On ne peut que difficilement se faire une idée juste de la manne dont Dieu nourrissoit son peuple au desert, voici ce que Moïse nous en rapporte: il dit (Gen. xvj, V. 13, 14, 15.), qu'il y eut au matin une couche de rosée au-tour du camp, que cette couche de rosée s'étant évaporée, il y avoit quelque chose de menu & de rond, comme du gresil sur la terre, ce que les enfans d'Israel ayant vû, ils se dirent l'un à l'autre, qu'est-ce? car ils ne savoient ce que c'étoit. L'auteur sacré ajoute, au V. 31 du même chapitre: Et la maison d'Israël nomma ce pain manne; & elle étoit comme de la semence de coriandre, blanche, & ayant le goût de bignets au miel.
Il y a sur l'origine du mot manne quatre opinions principales: elles ont chacune leurs partisans qui les soutiennent, avec ce détail de preuves & d'argumens étymologiques, lesquels, comme on le sait, emportent rarement avec eux une démonstration.

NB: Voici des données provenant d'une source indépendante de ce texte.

lemma locally_flat_on_isolated_support:
  assumes "A \<subseteq> MM" "0 < r" "\<And>w. w \<in> A \<Longrightarrow> w \<noteq> a \<Longrightarrow> r \<le> dM w a \<and> f w = 0"
  shows "locally_flat_on A f"
  unfolding locally_flat_on_def
proof (intro ballI allI impI)
  fix z e assume z: "z \<in> A" and "(0::real) < e"
  show "\<exists>\<delta>>0. \<forall>x\<in>A. \<forall>y\<in>A. x \<noteq> y \<and> dM x z < \<delta> \<and> dM y z < \<delta> \<longrightarrow> \<bar>f x - f y\<bar> \<le> e * dM x y"
  proof (cases "z = a")
    case True
    have "x = a" if "x \<in> A" "dM x z < r" for x
    proof (rule ccontr)
      assume "x \<noteq> a"
      then show False using assms(3)[OF that(1)] that(2) True by simp
    qed
    then show ?thesis using assms(2) by (intro exI[of _ r]) auto
  next
    case False
    have "\<bar>f x - f y\<bar> \<le> e * dM x y"
      if "x \<in> A" "y \<in> A" "dM x z < dM z a" "dM y z < dM z a" for x y
    proof -
      have "x \<noteq> a" "y \<noteq> a" using that(3,4) dM_sym[of a z] by auto
      moreover have "0 \<le> dM x y" using that(1,2) assms(1) dM_nonneg by blast
      ultimately show ?thesis using that(1,2) assms(3) \<open>0 < e\<close> by simp
    qed
    moreover have "0 < dM z a" using assms(2) assms(3)[OF z False] by linarith
    ultimately show ?thesis by blast
  qed
qed

lemma bump_locally_flat:
  assumes "n \<ge> 1" "1/2^(n+1) \<le> E"
  shows "locally_flat_on VV (bump E n)"
proof (rule locally_flat_on_isolated_support[where a = "(0, 1/2^n)"])
  show "VV \<subseteq> MM" "0 < (1::real)/2^(n+1)" unfolding VV_def by auto
next
  fix w assume w: "w \<in> VV" "w \<noteq> (0, 1/2^n)"
  then have "w \<in> MM" and fst_w: "fst w = 0 \<or> fst w = 1" unfolding VV_def by auto
  show "1/2^(n+1) \<le> dM w (0, 1/2^n) \<and> bump E n w = 0"
  proof (cases "snd w = 1/2^n")
    case True
    then have "fst w = 1" using w(2) fst_w by (auto simp: prod_eq_iff)
    moreover have "(1::real)/2^(n+1) \<le> 1" using one_le_power[of "2::real" "n+1"] by simp
    ultimately show ?thesis using True assms(2) by (simp add: dM_same_level bump_def)
  next
    case False
    then show ?thesis using level_separation[OF \<open>w \<in> MM\<close> assms(1)] abs_snd_diff_le_dM[of w "(0, 1/2^n)"]
      \<open>w \<in> MM\<close> level_point_in_MM[of n 0] assms(1) by (simp add: bump_off_level abs_minus_commute)
  qed
qed

lemma bump_in_YY:
  assumes "n \<ge> 1" "1/2^(n+1) \<le> E" "E \<le> 1"
  shows "bump E n \<in> YY"
proof -
  have "(0::real) < 1/2^(n+1)" by simp
  then have "0 \<le> E" using assms(2) by linarith
  then show ?thesis unfolding YY_def
    using bump_in_Lip0 bump_levels_tendsto bump_locally_flat assms by blast
qed
lemma xi_inj_on_wedge_terms:
  assumes "a \<in> wedge_terms" "b \<in> wedge_terms" "xi q a = xi q b"
  shows "qext_eq q a b"
proof -
  have "abs_ext_square a = abs_ext_square b"
    using assms by (simp add: abs_ext_square_eq_tau_xi[where q = q])
  then have "lie_cong ext_rels a b"
    by (simp add: ext_square.abs_eq_iff)
  then show ?thesis
    by (rule lie_cong_mono) (simp add: qext_rels_def)
qed

lemma xi_image_wedge_terms: "xi q ` wedge_terms = fl_derived"
proof
  show "xi q ` wedge_terms \<subseteq> fl_derived"
    using xi_wedge_term_in_fl_derived by blast
  show "fl_derived \<subseteq> xi q ` wedge_terms"
  proof
    show "x \<in> xi q ` wedge_terms" if "x \<in> fl_derived" for x
      using that
    proof (induction rule: fl_derived.induct)
      case 1
      show ?case by (rule image_eqI[of _ _ LZero]) simp_all
    next
      case (2 h g)
      show ?case by (rule image_eqI[of _ _ "W h g"]) simp_all
    next
      case (3 a b)
      then obtain u v where "u \<in> wedge_terms" "v \<in> wedge_terms" "a = xi q u" "b = xi q v"
        by blast
      then show ?case by (intro image_eqI[of _ _ "LAdd u v"]) simp_all
    next
      case (4 a l)
      then obtain u where "u \<in> wedge_terms" "a = xi q u"
        by blast
      then show ?case by (intro image_eqI[of _ _ "LSmul l u"]) simp_all
    qed
  qed
qed

theorem lemma6p3:
  fixes q :: nat
  assumes "q_torsion_free q TYPE('r::comm_ring_1)"
  shows "(\<forall>a b :: (('x, 'r) qgen, 'r) lterm. qext_eq q a b \<longrightarrow> xi q a = xi q b)
       \<and> (\<forall>a \<in> (wedge_terms :: (('x, 'r) qgen, 'r) lterm set). \<forall>b \<in> wedge_terms.
            xi q a = xi q b \<longrightarrow> qext_eq q a b)
       \<and> xi q ` (wedge_terms :: (('x, 'r) qgen, 'r) lterm set) = fl_derived"
  using xi_qext_eq xi_inj_on_wedge_terms xi_image_wedge_terms by blast

end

La premiere, & la plus généralement suivie par les interpretes, c'est que le nom signifie qu'est-ce? La narration de Moïse fortifie cette opinion; ils se dirent l'un à l'autre qu'est-ce? car its ne savoient ce que c'étoit. Dans l'hébreu il y a
La seconde, des savans, &, entre autres, Hascunq, prétendent que man-hou est compose d'un mot égyptien & d'un mot hébreu, dont l'un signifie quoi, & l'autre cela, & que les Israélites appellerent ainsi l'aliment que leur présentoit Moïse, comme pour insulter à ce pain céleste, dont il leur avoit fait fête, man-hou, quoi cela?
La troisieme, les rabins, & plusieurs chrétiens après eux, font venir le mot de manne de la racine minach, qui signifie préparé, parce que la manne étoit toute prête à être mangée, sans autre préparation que de l'amasser; ou plutôt, parce que les Israélites, en voyant cet aliment, se dirent l'un à l'autre, voici ce pain qui nous a été préparé; & ils l'appellerent manne, c'est-à-dire, chose préparée. Deig, Crit. sacra, in voce manna, pag. 127.

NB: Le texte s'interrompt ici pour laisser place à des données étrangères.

lemma deng_li_sign_partition:
  fixes n :: nat and S T :: "nat set"
  assumes "even n" "2 \<le> n" "S \<union> T = {..<n}" "S \<inter> T = {}"
    and S_cond: "\<And>i. i \<in> S \<Longrightarrow> (\<Prod>j\<in>T. deng_li_sign j i) = 1"
    and T_cond: "\<And>i. i \<in> T \<Longrightarrow> (if i = 0 then -1 else 1) * (\<Prod>j\<in>S. deng_li_sign j i) = 1"
  shows "T = {}"
proof (rule ccontr)
  assume "T \<noteq> {}"
  have fin: "finite S" "finite T" using assms(3) by (metis finite_Un finite_lessThan)+
  have card: "card S + card T = n" using fin assms(3,4) by (metis card_Un_disjoint card_lessThan)
  have S_even: "even (card (if i = 0 then T \<inter> {1} else if i = 1 then T else T - {0}))"
    if "i \<in> S" for i
  proof -
    have "i \<notin> T" using that assms(4) by auto
    then show ?thesis
      using S_cond[OF that] prod_deng_li_sign[OF fin(2)] by (metis minus_one_power_eq_1_iff)
  qed
  have T_odd: "odd (card (if i = 0 then S \<inter> {1} else if i = 1 then S else S - {0})) \<longleftrightarrow> i = 0"
    if "i \<in> T" for i
  proof -
    have "i \<notin> S" using that assms(4) by auto
    then show ?thesis
      using T_cond[OF that] prod_deng_li_sign[OF fin(1), of i]
      by (cases "i = 0") (auto simp: minus_one_power_iff split: if_splits)
  qed
  have "0 \<in> S \<union> T" "1 \<in> S \<union> T" unfolding assms(3) using assms(2) by simp_all
  then consider "0 \<in> T" | "0 \<in> S" by blast
  then show False
  proof cases
    case 1
    then have "1 \<in> S" using T_odd[OF 1] by (cases "1 \<in> S") auto
    then have "even (card T)" using S_even[of 1] by auto
    then have "even (card S)" using card assms(1) by auto
    then have "S \<noteq> {1}" by auto
    then obtain k where "k \<in> S" "k \<noteq> 1" using \<open>1 \<in> S\<close> by blast
    moreover have "k \<noteq> 0" using 1 \<open>k \<in> S\<close> assms(4) by auto
    ultimately have "even (card T - 1)" using S_even[of k] 1 fin(2) by auto
    moreover have "card T > 0" using \<open>T \<noteq> {}\<close> fin(2) by (simp add: card_gt_0_iff)
    ultimately show False using \<open>even (card T)\<close> by presburger
  next
    case 2
    then have "1 \<notin> T" using S_even[of 0] fin(2) by (auto simp: Int_insert_right split: if_splits)
    then have "1 \<in> S" using \<open>1 \<in> S \<union> T\<close> by blast
    then have "even (card T)" using S_even[of 1] by auto
    obtain k where "k \<in> T" using \<open>T \<noteq> {}\<close> by auto
    moreover have "k \<noteq> 0" "k \<noteq> 1" using 2 \<open>1 \<in> S\<close> \<open>k \<in> T\<close> assms(4) by auto
    ultimately have "even (card S - 1)" using T_odd[of k] 2 fin(1) by auto
    moreover have "card S > 0" using 2 fin(1) by (auto simp: card_gt_0_iff)
    ultimately show False using \<open>even (card T)\<close> card assms(1) by presburger
  qed
qed

lemma square_mod_4: "(x :: int)^2 mod 4 \<in> {0, 1}"
proof -
  have "x mod 4 \<in> {0, 1, 2, 3}" by auto
  moreover have "x^2 mod 4 = (x mod 4)^2 mod 4" by (simp add: power_mod)
  ultimately show ?thesis by auto
qed

lemma norm_ne_minus_one_if_mod_4_eq_3:
  fixes m a b :: int
  assumes "m mod 4 = 3"
  shows "a^2 - m * b^2 \<noteq> -1"
proof
  assume "a^2 - m * b^2 = -1"
  then have "a^2 + 1 = m * b^2" by simp
  have "(a^2 mod 4 + 1) mod 4 = (a^2 + 1) mod 4" by (simp add: mod_add_left_eq)
  also have "\<dots> = (m * b^2) mod 4" using \<open>a^2 + 1 = m * b^2\<close> by simp
  also have "\<dots> = (m mod 4 * (b^2 mod 4)) mod 4" by (simp add: mod_mult_eq)
  finally show False using assms square_mod_4[of a] square_mod_4[of b] by auto
qed

lemma coprime_mult_eq_square_int:
  fixes a b c :: int
  assumes "coprime a b" "a > 0" "b > 0" "a * b = c^2"
  shows "\<exists>x \<ge> 0. a = x^2"
proof -
  have "nat a * nat b = (nat \<bar>c\<bar>)^2" using assms
    by (metis abs_ge_zero nat_mult_distrib nat_power_eq power2_abs less_imp_le)
  moreover have "coprime (nat a) (nat b)" using assms
    by (metis coprime_int_iff int_nat_eq less_imp_le nat_0_le)
  ultimately have "is_nth_power 2 (nat a)"
    using is_nth_power_mult_coprime_natD(1)[of "nat a" "nat b" 2] assms by auto
  then obtain z where "nat a = z^2" by (auto elim: is_nth_powerE)
  then have "a = (int z)^2" using assms by (metis int_nat_eq less_imp_le of_nat_power)
  then show ?thesis by (intro exI[of _ "int z"]) simp
qed

lemma coprime_factors_squares:
  fixes u v d e c :: int
  assumes "coprime u v" "u * v = d * e * c^2" "d dvd u" "e dvd v"
    and "u > 0" "v > 0" "d > 0" "e > 0"
  shows "\<exists>x y. x \<ge> 0 \<and> y \<ge> 0 \<and> u = d * x^2 \<and> v = e * y^2"
proof -
  obtain u' v' where u': "u = d * u'" and v': "v = e * v'" using assms(3,4) unfolding dvd_def by blast
  have "d * e * (u' * v') = d * e * c^2" using assms(2) unfolding u' v' by (simp add: ac_simps)
  then have "u' * v' = c^2" using assms(7,8) by simp
  moreover have "u' > 0" "v' > 0" using assms(5-8) u' v' by (simp_all add: zero_less_mult_iff)
  moreover have "coprime u' v'" using assms(1) unfolding u' v' by simp
  ultimately obtain x y where "x \<ge> 0" "u' = x^2" "y \<ge> 0" "v' = y^2"
    using coprime_mult_eq_square_int[of u' v' c] coprime_mult_eq_square_int[of v' u' c]
    by (auto simp: ac_simps coprime_commute)
  then show ?thesis using u' v' by blast
qed

lemma unit_gt_1_pos:
  fixes m a b :: int
  assumes "m > 0" "a^2 - m * b^2 = 1" "a + b * sqrt m > 1"
  shows "a > 0" "b > 0"
proof -
  have "(a - b * sqrt m) * (a + b * sqrt m) = a^2 - m * b^2"
    using assms(1) by (simp add: algebra_simps power2_eq_square)
  then have "a - b * sqrt m = 1 / (a + b * sqrt m)" using assms(2,3) by (simp add: field_simps)
  then have "0 < a - b * sqrt m" "a - b * sqrt m < 1" using assms(3) by auto
  then have "real_of_int a > 0" "b * sqrt m > 0" using assms(3) by linarith+
  then show "a > 0" "b > 0" using assms(1) by (simp_all add: zero_less_mult_iff)
qed

lemma fundamental_unit_not_square:
  assumes "fundamental_unit m a b" "is_unit_Zsqrt m y x"
  shows "(y + x * sqrt m)^2 \<noteq> a + b * sqrt m"
proof
  let ?\<eta> = "y + x * sqrt m"
  assume sq: "?\<eta>^2 = a + b * sqrt m"
  obtain y' x' where unit: "is_unit_Zsqrt m y' x'" and abs: "y' + x' * sqrt m = \<bar>?\<eta>\<bar>"
  proof (cases "?\<eta> \<ge> 0")
    case True then show ?thesis using that[of y x] assms(2) by simp
  next
    case False then show ?thesis using that[of "-y" "-x"] assms(2) by (simp add: is_unit_Zsqrt_def)
  qed
  have "\<bar>?\<eta>\<bar>^2 > 1" using sq assms(1) unfolding fundamental_unit_def by simp
  then have "\<bar>?\<eta>\<bar> > 1" using power_less_imp_less_base[of 1 2 "\<bar>?\<eta>\<bar>"] by simp
  then have "\<bar>?\<eta>\<bar> < \<bar>?\<eta>\<bar>^2"
    using mult_strict_left_mono[of 1 "\<bar>?\<eta>\<bar>" "\<bar>?\<eta>\<bar>"] by (simp add: power2_eq_square)
  moreover have "a + b * sqrt m \<le> \<bar>?\<eta>\<bar>"
    using assms(1) unit abs \<open>\<bar>?\<eta>\<bar> > 1\<close> unfolding fundamental_unit_def by metis
  ultimately show False using sq by simp
qed

lemma odd_prime_gt_2:
  fixes p :: int
  assumes "prime p" "odd p"
  shows "p > 2"
  using prime_ge_2_int[OF assms(1)] assms(2) by (cases "p = 2") auto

La quatrieme, enfin le savant M. le Clerc prétend que le mot manne vient du mot hébreu manach, qui signifie un don; & que les Israélites, surpris de voir le matin cette rosée extraordinaire; & ensuite de ce que leur dit Moïse: c'est ici le pain du ciel, s'écrierent, man-hou, voici le don, ou, peut-être, par une expression de dédain, qui étoit bien dans l'esprit & le caractere de ce peuple indocile & grossier, ce petit grain qui couvre la rosée, est-ce donc-là ce don que l'éternel nous avoit promis?

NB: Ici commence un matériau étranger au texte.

(* Let $a\neq0$, $b>0$, $d$ be integers with $d$ not a perfect square, $\alpha=a+b^2\sqrt d$, $N_\alpha=a^2-b^4d$ not a perfect square, $\varepsilon=(t+u\sqrt d)/2$ in the ring of integers of $\mathbb{Q}(\sqrt d)$ with $t,u$ nonzero integers, and let $x\ne0$, $y>0$ be integers with $x+y^2\sqrt d=\alpha\varepsilon^2$. Let $r_1'=tb^2+au+2by$ and $r_1''=tb^2+au-2by$. Then $\gcd(r_1',r_1'')$ is even, unless $N_\alpha\equiv1\pmod4$ and $4\mid d$. *)

theory Defs
  imports Complex_Main "HOL-Computational_Algebra.Polynomial"
begin

end

theory Submission
  imports Defs "HOL-Computational_Algebra.Nth_Powers"
begin

(* Comparing the coefficients of 1 and sqrt d in 4 (x + y^2 sqrt d) = (a + b^2 sqrt d) (t + u sqrt d)^2
   gives 4 x = a (t^2 + u^2 d) + 2 b^2 d t u and 4 y^2 = 2 a t u + b^2 (t^2 + u^2 d).
   As r1' and r1'' differ from t b^2 + a u by 2 b y, it suffices that t b^2 + a u is even.
   Reading both identities modulo 4 and splitting on the parities of t and u shows that
   t b^2 + a u can only be odd when a is odd and 4 divides d, and then a^2 - b^4 d = 1 (mod 4). *)

lemma square_if_mult_square_eq_square:
  fixes d m n :: int
  assumes "d * m ^ 2 = n ^ 2" and "m \<noteq> 0"
  shows "\<exists>k. d = k ^ 2"
proof -
  have "is_nth_power 2 (d * m ^ 2)" using assms(1) by (simp add: is_nth_powerI)
  then have "is_nth_power 2 d"
    using assms(2) is_nth_power_mult_cancel_right[of 2 "m ^ 2" d] by auto
  then show ?thesis by (auto simp: is_nth_power_def)
qed

lemma of_int_add_mult_csqrt_eq_iff:
  fixes d A B C D :: int
  assumes "\<not> (\<exists>k. d = k ^ 2)"
  shows "of_int A + of_int B * csqrt (of_int d) = of_int C + of_int D * csqrt (of_int d)
         \<longleftrightarrow> A = C \<and> B = D"
proof
  let ?s = "csqrt (of_int d)"
  assume eq: "of_int A + of_int B * ?s = of_int C + of_int D * ?s"
  have "B = D"
  proof (rule ccontr)
    assume "B \<noteq> D"
    have "of_int (A - C) = of_int (D - B) * ?s" using eq by (simp add: algebra_simps)
    then have "(of_int (A - C)) ^ 2 = (of_int (D - B)) ^ 2 * ?s ^ 2"
      by (simp add: power_mult_distrib)
    then have "(of_int ((A - C) ^ 2) :: complex) = of_int (d * (D - B) ^ 2)"
      by (simp add: algebra_simps)
    then have "d * (D - B) ^ 2 = (A - C) ^ 2" by (metis of_int_eq_iff)
    then show False
      using square_if_mult_square_eq_square \<open>B \<noteq> D\<close> assms by (metis eq_iff_diff_eq_0)
  qed
  with eq show "A = C \<and> B = D" by simp
qed simp

lemma mult_half_square_expand:
  fixes s :: "'a :: field_char_0" and a B d t u :: int
  assumes "s ^ 2 = of_int d"
  shows "4 * ((of_int a + of_int B * s) * ((of_int t + of_int u * s) / 2) ^ 2)
         = of_int (a * (t ^ 2 + u ^ 2 * d) + 2 * B * d * t * u)
           + of_int (2 * a * t * u + B * (t ^ 2 + u ^ 2 * d)) * s"
proof -
  have "4 * ((of_int a + of_int B * s) * ((of_int t + of_int u * s) / 2) ^ 2)
        = (of_int a + of_int B * s) * (of_int t + of_int u * s) ^ 2"
    by (simp add: power_divide)
  also have "\<dots> = of_int a * of_int t ^ 2
                   + (of_int a * of_int u ^ 2 + 2 * of_int B * of_int t * of_int u) * s ^ 2
                   + (2 * of_int a * of_int t * of_int u + of_int B * of_int t ^ 2) * s
                   + of_int B * of_int u ^ 2 * s ^ 2 * s"
    by (simp add: algebra_simps power2_eq_square)
  finally show ?thesis
    unfolding assms by (simp add: algebra_simps)
qed

lemma coprime_four_if_odd:
  fixes z :: int
  assumes "odd z"
  shows "coprime 4 z"
  using assms coprime_power_left_iff[of 2 2 z] by simp

lemma four_dvd_if_even_t_odd_u_odd_a:
  fixes a b d t u :: int
  assumes "4 dvd a * (t ^ 2 + u ^ 2 * d) + 2 * b ^ 2 * d * t * u"
    and "even t" and "odd u" and "odd a"
  shows "4 dvd d"
proof -
  obtain m where "t = 2 * m" using \<open>even t\<close> by blast
  then have "a * (t ^ 2 + u ^ 2 * d) + 2 * b ^ 2 * d * t * u
             = 4 * (a * m ^ 2 + b ^ 2 * d * m * u) + (a * u ^ 2) * d"
    by (simp add: algebra_simps power2_eq_square)
  with assms(1) have "4 dvd (a * u ^ 2) * d" by (simp add: dvd_add_right_iff)
  moreover have "coprime 4 (a * u ^ 2)"
    using assms(3,4) by (intro coprime_four_if_odd) simp
  ultimately show "4 dvd d" using coprime_dvd_mult_right_iff by blast
qed

lemma even_b_if_odd_t_even_u:
  fixes a b d t u :: int
  assumes "even (2 * a * t * u + b ^ 2 * (t ^ 2 + u ^ 2 * d))"
    and "odd t" and "even u"
  shows "even b"
  using assms by (auto simp: power2_eq_square)

lemma even_add_if_odd_t_odd_u:
  fixes a b d t u :: int
  assumes x_eq: "4 dvd a * (t ^ 2 + u ^ 2 * d) + 2 * b ^ 2 * d * t * u"
    and y_eq: "4 dvd 2 * a * t * u + b ^ 2 * (t ^ 2 + u ^ 2 * d)"
    and "odd t" and "odd u"
  shows "even (a + b)"
proof (rule ccontr)
  assume "odd (a + b)"
  then consider "even b" "odd a" | "odd b" "even a" by auto
  then show False
  proof cases
    case 1
    then obtain c where "b = 2 * c" by blast
    with y_eq have "4 dvd 2 * (a * t * u) + 4 * (c ^ 2 * (t ^ 2 + u ^ 2 * d))"
      by (simp add: algebra_simps power2_eq_square)
    then have "even (a * t * u)"
      using dvd_times_left_cancel_iff[of 2 2 "a * t * u"] by (simp add: dvd_add_left_iff)
    with 1 \<open>odd t\<close> \<open>odd u\<close> show False by simp
  next
    case 2
    then obtain k where k: "a = 2 * k" by blast
    with y_eq have "4 dvd b ^ 2 * (t ^ 2 + u ^ 2 * d)"
      by (simp add: algebra_simps dvd_add_right_iff)
    moreover have "coprime 4 (b ^ 2)" using 2 by (intro coprime_four_if_odd) simp
    ultimately obtain w where w: "t ^ 2 + u ^ 2 * d = 4 * w"
      using coprime_dvd_mult_right_iff by blast
    with k have "a * (t ^ 2 + u ^ 2 * d) + 2 * b ^ 2 * d * t * u
                 = 2 * (b ^ 2 * d * t * u) + 4 * (2 * k * w)"
      by simp
    with x_eq have "4 dvd 2 * (b ^ 2 * d * t * u) + 4 * (2 * k * w)" by simp
    then have "even (b ^ 2 * d * t * u)"
      using dvd_times_left_cancel_iff[of 2 2 "b ^ 2 * d * t * u"] by (simp add: dvd_add_left_iff)
    with 2 \<open>odd t\<close> \<open>odd u\<close> have "even d" by simp
    moreover from w have "even (t ^ 2 + u ^ 2 * d)" by (simp add: dvd_mult2)
    ultimately show False using \<open>odd t\<close> by simp
  qed
qed

lemma square_sub_mod_four_if_odd:
  fixes a c d :: int
  assumes "odd a" and "4 dvd d"
  shows "(a ^ 2 - c * d) mod 4 = 1"
proof -
  obtain k where "a = 2 * k + 1" using \<open>odd a\<close> oddE by blast
  moreover obtain e where "d = 4 * e" using \<open>4 dvd d\<close> by blast
  ultimately have "a ^ 2 - c * d = 4 * (k ^ 2 + k - c * e) + 1"
    by (simp add: algebra_simps power2_eq_square)
  then show ?thesis by presburger
qed

lemma even_t_b2_add_a_u:
  fixes a b d t u :: int
  assumes x_eq: "4 dvd a * (t ^ 2 + u ^ 2 * d) + 2 * b ^ 2 * d * t * u"
    and y_eq: "4 dvd 2 * a * t * u + b ^ 2 * (t ^ 2 + u ^ 2 * d)"
    and exc: "\<not> ((a ^ 2 - b ^ 4 * d) mod 4 = 1 \<and> 4 dvd d)"
  shows "even (t * b ^ 2 + a * u)"
proof (cases "even t"; cases "even u")
  assume "even t" "odd u"
  show ?thesis
  proof (rule ccontr)
    assume "odd (t * b ^ 2 + a * u)"
    with \<open>even t\<close> have "odd a" by auto
    with x_eq \<open>even t\<close> \<open>odd u\<close> have "4 dvd d" by (rule four_dvd_if_even_t_odd_u_odd_a)
    with \<open>odd a\<close> exc show False using square_sub_mod_four_if_odd by blast
  qed
next
  assume "odd t" "even u"
  moreover have "even (2 * a * t * u + b ^ 2 * (t ^ 2 + u ^ 2 * d))"
    using y_eq by (rule dvd_trans[rotated]) simp
  ultimately have "even b" using even_b_if_odd_t_even_u by blast
  with \<open>even u\<close> show ?thesis by simp
next
  assume "odd t" "odd u"
  with x_eq y_eq have "even (a + b)" by (rule even_add_if_odd_t_odd_u)
  with \<open>odd t\<close> \<open>odd u\<close> show ?thesis by auto
qed simp

theorem lemma3p4:
  fixes a b d t u x y :: int
  assumes "a \<noteq> 0" and "b > 0"
    and "\<not> (\<exists>k::int. d = k ^ 2)"
    and "\<not> (\<exists>k::int. a ^ 2 - b ^ 4 * d = k ^ 2)"
    and "t \<noteq> 0" and "u \<noteq> 0"
    and "algebraic_int ((of_int t + of_int u * csqrt (of_int d)) / 2 :: complex)"
    and "x \<noteq> 0" and "y > 0"
    and "of_int x + of_int (y ^ 2) * csqrt (of_int d)
         = (of_int a + of_int (b ^ 2) * csqrt (of_int d))
           * ((of_int t + of_int u * csqrt (of_int d)) / 2) ^ 2"
  shows "\<not> ((a ^ 2 - b ^ 4 * d) mod 4 = 1 \<and> 4 dvd d)
         \<longrightarrow> even (gcd (t * b ^ 2 + a * u + 2 * b * y) (t * b ^ 2 + a * u - 2 * b * y))"
proof
  assume exc: "\<not> ((a ^ 2 - b ^ 4 * d) mod 4 = 1 \<and> 4 dvd d)"
  let ?s = "csqrt (of_int d)"
  have "of_int (4 * x) + of_int (4 * y ^ 2) * ?s = 4 * (of_int x + of_int (y ^ 2) * ?s)"
    by (simp add: algebra_simps)
  also have "\<dots> = of_int (a * (t ^ 2 + u ^ 2 * d) + 2 * b ^ 2 * d * t * u)
                   + of_int (2 * a * t * u + b ^ 2 * (t ^ 2 + u ^ 2 * d)) * ?s"
    unfolding assms(10) by (rule mult_half_square_expand) simp
  finally have "4 * x = a * (t ^ 2 + u ^ 2 * d) + 2 * b ^ 2 * d * t * u"
    and "4 * y ^ 2 = 2 * a * t * u + b ^ 2 * (t ^ 2 + u ^ 2 * d)"
    using of_int_add_mult_csqrt_eq_iff[OF assms(3)] by blast+
  then have "even (t * b ^ 2 + a * u)"
    using even_t_b2_add_a_u exc by (metis dvd_triv_left)
  then show "even (gcd (t * b ^ 2 + a * u + 2 * b * y) (t * b ^ 2 + a * u - 2 * b * y))"
    by simp
qed

end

On doit, en saine philosophie, regretter le tems qu'on met à rechercher des étymologies, sur-tout lorsqu'elles ne répandent pas plus de jour sur le sujet dont il s'agit, & sur cê qui peut y a avoir du rapport, que les diverses idées qu'on vient d'articuler, que la manne ait reçu son nom d'un mouvement, d'étonnement, de gratitude ou de dédain, c'est ce qu'on ne peut décider, qu'il importe assez peu de savoir, & qui d'ailleurs ne change rien à la nature de la chose.
Ce qu'il y a de moins équivoqne, c'est que sur la maniere dont l'auteur sacré rapporte la chose, on ne peut pas raisonnablement douter que la manne du desert n'ait été miraculeuse, & bien différente, par-là-même, de la manne ordinaire d'Orient. Celle-ci ne paroît que dans certain tems de l'année; celle du desert tomboit tous les jours, excepté le jour du sabath; & cela pendant quarante années: car elle ne cessa de tomber dans le camp des Israélites, que lorsqu'ils furent en possession de ce pays, découlant de lait & de miel, qui leur fournit en abondance des alimens d'une toute autre espece. La manne ordinaire ne tombe qu'en fort petite quantité, & se forme insensiblement; celle du desert venoit tout-d'un-coup, & dans une fi grande abondance, qu'elle suffisoit à toute cette prodigieuse & inconcevable multitude, qui étoit à la suite de Moïse.
La manne ordinaire peut se conserver assez long-tems, & sans préparation: celle qui se recueilloit dans le desert, loin de se conserver, & de se durcir au soleil, se fondoit bientôt: vouloit-on la garder, elle se pourrissoit, & il s'y engendroit des vers: la manne ordinaire ne sauroit nourrir, celle du desert sustentoit les Israélites.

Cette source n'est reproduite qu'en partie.